Merhaba,
Adım Jirhat olsun burda, madem isimler anlaşmak için...
Jir yiğit demek...
Mehmet Uzun'un bir romanından esinlenit ç/aldığım bir isim.
Sonundaki ''hat'' ise geldi (gelmek fiilinin dili geçmiş zamanlı hali)
Yani Yiğit geldi manasına kavuşuyor.
Bakmayın siz nike ne yiğitlik var ne de kahramanlık, sadece gevezelik var, sitedeki durumdan da anlaşılacağı üzere.
Okumayı ve okuduklarımı aktarmayı severim.
Özellikle okunanların kalıcı olması adına başkaları ile paylaşımı oldukça önemlidir.
Bu pencereden bakınca her şety sanal...
Önünüzde bir klavye ve kemiği olamayn bir dilin parmaklara akışı...
Dolayısıyla parmaklar burda dil hükmünde ve kemiksiz olarak tabir edilmesi yanlış olmaz sanırım.
Siteye gelince;
Güzel, kullanışlı ve renkli kullanıcılardan oluşmakta. Tabi yeni olduğum için yüzeysel detayları ancak çözebildim.
Ama şu olsa daha güzel olurdu bence;
Bir paylaşıma teşekkür etmek isteyen biri, için teşekkür butonu gerekli. Değerli site yönetimine duyurulur
İnşallah bu sıcak ortamada bereketli, öğretici ve eğitici paylaşımlarla birbirimizi kırmadan vakit geçiririz.
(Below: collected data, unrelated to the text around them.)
lemma bdiff_pow_rodrigues_trunc:
  assumes "1 \<le> i" "i \<le> int M"
  shows "(bdiff ^^ (L + 1)) (rodrigues_trunc M L) i = poly (orthogonal_poly M L) (of_int i)"
proof -
  have "(bdiff ^^ (L + 1)) (rodrigues_trunc M L) i =
      (bdiff ^^ (L + 1)) (\<lambda>i. poly (rodrigues_poly M L) (of_int i)) i"
  proof (rule bdiff_pow_cong)
    fix k assume "k \<le> L + 1"
    then have "0 \<le> i - k \<and> i - k \<le> int M - int L - 1 \<or> - int L \<le> i - k \<and> i - k \<le> -1 \<or>
        int M - int L \<le> i - k \<and> i - k \<le> int M"
      using assms by auto
    then show "rodrigues_trunc M L (i - int k) = poly (rodrigues_poly M L) (of_int (i - int k))"
      using rodrigues_poly_root[of L "i - int k" M] by (auto simp: rodrigues_trunc_def)
  qed
  then show ?thesis by (simp only: bdiff_pow_rodrigues_poly)
qed

lemma bdiff_pow_rodrigues_trunc_0:
  assumes "L + 1 \<le> M"
  shows "(bdiff ^^ (L + 1)) (rodrigues_trunc M L) 0 = poly (rodrigues_poly M L) 0"
  using bdiff_pow_gap[of "L + 1" "rodrigues_trunc M L" 0] assms by (simp add: rodrigues_trunc_def)

lemma orthogonal_poly_at_0:
  "poly (orthogonal_poly M L) 0 =
    fact L * fact (L + 1) * (real (M choose (L + 1)) - real ((M + L + 1) choose (L + 1)))"
proof -
  let ?H = "rodrigues_poly M L"
  have "poly ?H (of_int (0 - int k)) = 0" if "0 < k" "k < L + 1" for k
    using rodrigues_poly_root[of L "0 - int k" M] that by simp
  then have "poly (orthogonal_poly M L) 0 = poly ?H 0 + (-1) ^ (L + 1) * poly ?H (- real (L + 1))"
    using bdiff_pow_gap[of "L + 1" "\<lambda>i. poly ?H (of_int i)" 0] bdiff_pow_rodrigues_poly[of L M 0]
    by simp
  moreover have "(-1::real) ^ (L + 1) * (-1) ^ L = -1"
    by (simp flip: power_add)
  then have "(-1) ^ (L + 1) * poly ?H (- real (L + 1)) =
      - (fact L * fact (L + 1) * real ((M + L + 1) choose (L + 1)))"
    unfolding rodrigues_poly_at_neg by (simp only: mult.assoc[symmetric])
  ultimately show ?thesis
    by (simp add: rodrigues_poly_at_0 right_diff_distrib)
qed

lemma sum_int_atLeastAtMost_0:
  "(\<Sum>i=0..int M. F i) = F 0 + (\<Sum>i=1..M. F (int i))"
proof -
  have "(\<Sum>i=0..int M. F i) = (\<Sum>i\<in>int ` {0..M}. F i)"
    by (simp add: image_int_atLeastAtMost)
  also have "\<dots> = (\<Sum>i=0..M. F (int i))"
    by (simp add: sum.reindex)
  also have "\<dots> = F 0 + (\<Sum>i=1..M. F (int i))"
    by (simp add: sum.atLeast_Suc_atMost)
  finally show ?thesis .
qed

lemma sum_orthogonal_poly_mult_power:
  assumes "L + 1 \<le> M" "j \<le> L"
  shows "poly (rodrigues_poly M L) 0 * 0 ^ j + (\<Sum>i=1..M. poly (orthogonal_poly M L) (real i) * real i ^ j) = 0"
proof -
  have "(\<Sum>i=0..int M. (bdiff ^^ (L + 1)) (rodrigues_trunc M L) i * of_int i ^ j) = 0"
    by (rule bdiff_pow_orthogonal_power[of 0 "int M - int L - 1"])
      (use assms in \<open>auto simp: rodrigues_trunc_def\<close>)
  then show ?thesis
    using assms bdiff_pow_rodrigues_trunc bdiff_pow_rodrigues_trunc_0
    by (simp add: sum_int_atLeastAtMost_0)
qed

lemma binom_ratio_eq_prod:
  assumes "L + 1 \<le> M"
  shows "binom_ratio M L = (\<Prod>k=0..L. 1 + real (L + 1) / (real M - real k))"
proof -
  have "binom_ratio M L =
      fact (L + 1) * real ((M + L + 1) choose (L + 1)) / (fact (L + 1) * real (M choose (L + 1)))"
    by (simp add: binom_ratio_def)
  also have "\<dots> = (\<Prod>k=0..L. real (M + L + 1) - real k) / (\<Prod>k=0..L. real M - real k)"
    by (simp only: prod_diff_eq_fact_binomial)
  also have "\<dots> = (\<Prod>k=0..L. 1 + real (L + 1) / (real M - real k))"
    unfolding prod_dividef[symmetric] using assms by (intro prod.cong) (auto simp: field_simps)
  finally show ?thesis .
qed

lemma exp_half_le_1_plus:
  fixes x :: real
  assumes "0 \<le> x" "x \<le> 1"
  shows "exp (x / 2) \<le> 1 + x"
proof -
  have pos: "0 < 1 - x / 2" using assms by simp
  have "exp (x / 2) = 1 / exp (- (x / 2))" by (simp add: exp_minus field_simps)
  also have "\<dots> \<le> 1 / (1 - x / 2)"
    using exp_ge_add_one_self[of "- (x / 2)"] pos by (intro divide_left_mono) auto
  also have "\<dots> \<le> 1 + x"
    using assms pos mult_left_le_one_le[of x x] by (simp add: divide_le_eq algebra_simps)
  finally show ?thesis .
qed

lemma binom_ratio_lower_bound:
  assumes "L + 1 \<le> M"
  shows "exp (1 / 2 * real L ^ 2 / real M) \<le> binom_ratio M L"
proof -
  define x where "x = real (L + 1) / real M"
  have x: "0 \<le> x" "x \<le> 1" using assms by (auto simp: x_def)
  have "1 / 2 * real L ^ 2 / real M \<le> real (L + 1) * (x / 2)"
    using assms by (simp add: x_def power2_eq_square field_simps)
  then have "exp (1 / 2 * real L ^ 2 / real M) \<le> exp (real (L + 1) * (x / 2))"
    by simp
  also have "\<dots> = exp (x / 2) ^ (L + 1)"
    by (rule exp_of_nat_mult)
  also have "\<dots> \<le> (1 + x) ^ (L + 1)"
    using exp_half_le_1_plus[OF x] by (intro power_mono) auto
  also have "\<dots> = (\<Prod>k=0..L. 1 + x)" by simp
  also have "\<dots> \<le> (\<Prod>k=0..L. 1 + real (L + 1) / (real M - real k))"
    using assms x unfolding x_def by (intro prod_mono conjI add_left_mono divide_left_mono) auto
  also have "\<dots> = binom_ratio M L"
    using binom_ratio_eq_prod[OF assms] by simp
  finally show ?thesis .
qed

lemma binom_ratio_gt_1:
  assumes "1 \<le> L" "L + 1 \<le> M"
  shows "1 < binom_ratio M L"
proof -
  have "0 < 1 / 2 * real L ^ 2 / real M" using assms by simp
  then show ?thesis
    using binom_ratio_lower_bound[OF assms(2)] by (meson one_less_exp_iff less_le_trans)
qed

lemma binom_ratio_upper_bound_large:
  assumes "2 * L + 2 \<le> M"
  shows "binom_ratio M L \<le> exp (2 * real (L + 1) ^ 2 / real M)"
proof -
  have "binom_ratio M L = (\<Prod>k=0..L. 1 + real (L + 1) / (real M - real k))"
    using binom_ratio_eq_prod assms by simp
  also have "\<dots> \<le> (\<Prod>k=0..L. exp (2 * real (L + 1) / real M))"
  proof (rule prod_mono)
    fix k assume "k \<in> {0..L}"
    then have k: "real M \<le> 2 * (real M - real k)" "0 < real M - real k"
      using assms by auto
    have "real (L + 1) / (real M - real k) = 2 * real (L + 1) / (2 * (real M - real k))"
      by (rule mult_divide_mult_cancel_left[symmetric]) simp
    also have "\<dots> \<le> 2 * real (L + 1) / real M"
      using k by (intro divide_left_mono) auto
    finally have "exp (real (L + 1) / (real M - real k)) \<le> exp (2 * real (L + 1) / real M)"
      by simp
    then have "1 + real (L + 1) / (real M - real k) \<le> exp (2 * real (L + 1) / real M)"
      using exp_ge_add_one_self[of "real (L + 1) / (real M - real k)"] by linarith
    then show "0 \<le> 1 + real (L + 1) / (real M - real k) \<and>
        1 + real (L + 1) / (real M - real k) \<le> exp (2 * real (L + 1) / real M)"
      using k by simp
  qed
  also have "\<dots> = exp (2 * real (L + 1) / real M) ^ (L + 1)"
    by simp
  also have "\<dots> = exp (real (L + 1) * (2 * real (L + 1) / real M))"
    by (rule exp_of_nat_mult[symmetric])
  also have "\<dots> = exp (2 * real (L + 1) ^ 2 / real M)"
    by (simp add: power2_eq_square)
  finally show ?thesis .
qed

lemma binom_ratio_upper_bound_small:
  assumes "1 \<le> L" "L + 1 \<le> M" "M \<le> 2 * L + 1"
  shows "binom_ratio M L \<le> exp (5 * real L)"
proof -
  have "0 < M choose (L + 1)"
    using assms(2) by (rule zero_less_binomial)
  then have "1 \<le> real (M choose (L + 1))"
    by linarith
  then have "binom_ratio M L \<le> real ((M + L + 1) choose (L + 1)) / 1"
    unfolding binom_ratio_def using assms by (intro divide_left_mono) auto
  also have "\<dots> \<le> 2 ^ (M + L + 1)"
    using binomial_le_pow2[of "M + L + 1" "L + 1"] by (metis div_by_1 of_nat_le_iff of_nat_numeral of_nat_power)
  also have "(2::real) ^ (M + L + 1) \<le> 2 ^ (5 * L)"
    using assms by (intro power_increasing) auto
  also have "\<dots> \<le> exp 1 ^ (5 * L)"
    using exp_ge_add_one_self[of 1] by (intro power_mono) auto
  also have "\<dots> = exp (5 * real L)"
    by (simp add: exp_of_nat_mult[symmetric])
  finally show ?thesis .
qed

lemma binom_ratio_upper_bound:
  assumes "1 \<le> L" "L + 1 \<le> M"
  shows "binom_ratio M L \<le> exp (15 * real L ^ 2 / real M)"
proof -
  have M: "0 < real M" using assms by simp
  have "1 \<le> real L" using assms(1) by simp
  then have L: "real L \<le> real L ^ 2" "1 \<le> real L ^ 2"
    unfolding power2_eq_square using mult_left_mono[of 1 "real L" "real L"] mult_mono[of 1 "real L" 1 "real L"]
    by auto
  show ?thesis
  proof (cases "2 * L + 2 \<le> M")
    case True
    have "2 * real (L + 1) ^ 2 \<le> 15 * real L ^ 2"
      using L by (simp add: power2_eq_square algebra_simps)
    then have "2 * real (L + 1) ^ 2 / real M \<le> 15 * real L ^ 2 / real M"
      using M by (simp add: divide_right_mono)
    then have "exp (2 * real (L + 1) ^ 2 / real M) \<le> exp (15 * real L ^ 2 / real M)"
      by simp
    with binom_ratio_upper_bound_large[OF True] show ?thesis
      by linarith
  next
    case False
    then have "M \<le> 2 * L + 1" by simp
    then have "5 * real L * real M \<le> 5 * real L * (2 * real L + 1)"
      by (intro mult_left_mono) auto
    also have "\<dots> \<le> 15 * real L ^ 2"
      using L by (simp add: power2_eq_square algebra_simps)
    finally have "exp (5 * real L) \<le> exp (15 * real L ^ 2 / real M)"
      using M by (simp add: pos_le_divide_eq)
    with binom_ratio_upper_bound_small[OF assms \<open>M \<le> 2 * L + 1\<close>] show ?thesis
      by linarith
  qed
qed

lemma orthogonal_residual_sum_sq:
  fixes A :: "'i \<Rightarrow> 'j \<Rightarrow> real"
  assumes "\<And>i. i \<in> I \<Longrightarrow> (\<Sum>j\<in>J. A i j * w0 j) - b i = r i"
    and "\<And>c. (\<Sum>i\<in>I. r i * (\<Sum>j\<in>J. A i j * c j)) = 0"
  shows "(\<Sum>i\<in>I. (r i)\<^sup>2) = - (\<Sum>i\<in>I. r i * b i)"
proof -
  have "(\<Sum>i\<in>I. (r i)\<^sup>2) = (\<Sum>i\<in>I. r i * ((\<Sum>j\<in>J. A i j * w0 j) - b i))"
    using assms(1) by (simp add: power2_eq_square)
  also have "\<dots> = - (\<Sum>i\<in>I. r i * b i)"
    using assms(2)[of w0] by (simp add: right_diff_distrib sum_subtractf)
  finally show ?thesis .
qed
En Güzele emanetsiniz Vesselam...
Jirhat
Konu jirhat tarafından (18/07/11 Saat 10:06 ) değiştirilmiştir..
İnsan...
Farklı bir canlı..
Kimi düşünüre göre düşünebilen bir hayavan (hayvan değil!)
Kişi değerini kendisi belirler.
Belirlenen değer; alınan kararlar ve davranışlarla kesinlikle paralellik gösterir ve hatta tamamiyle örtüşür.
Oysa kast sitemi ve benzeri sistemlere göre;
''soylu olanın çocuğu soylu, köle olanın çocuğu köle olur'' durumu söz konusudur.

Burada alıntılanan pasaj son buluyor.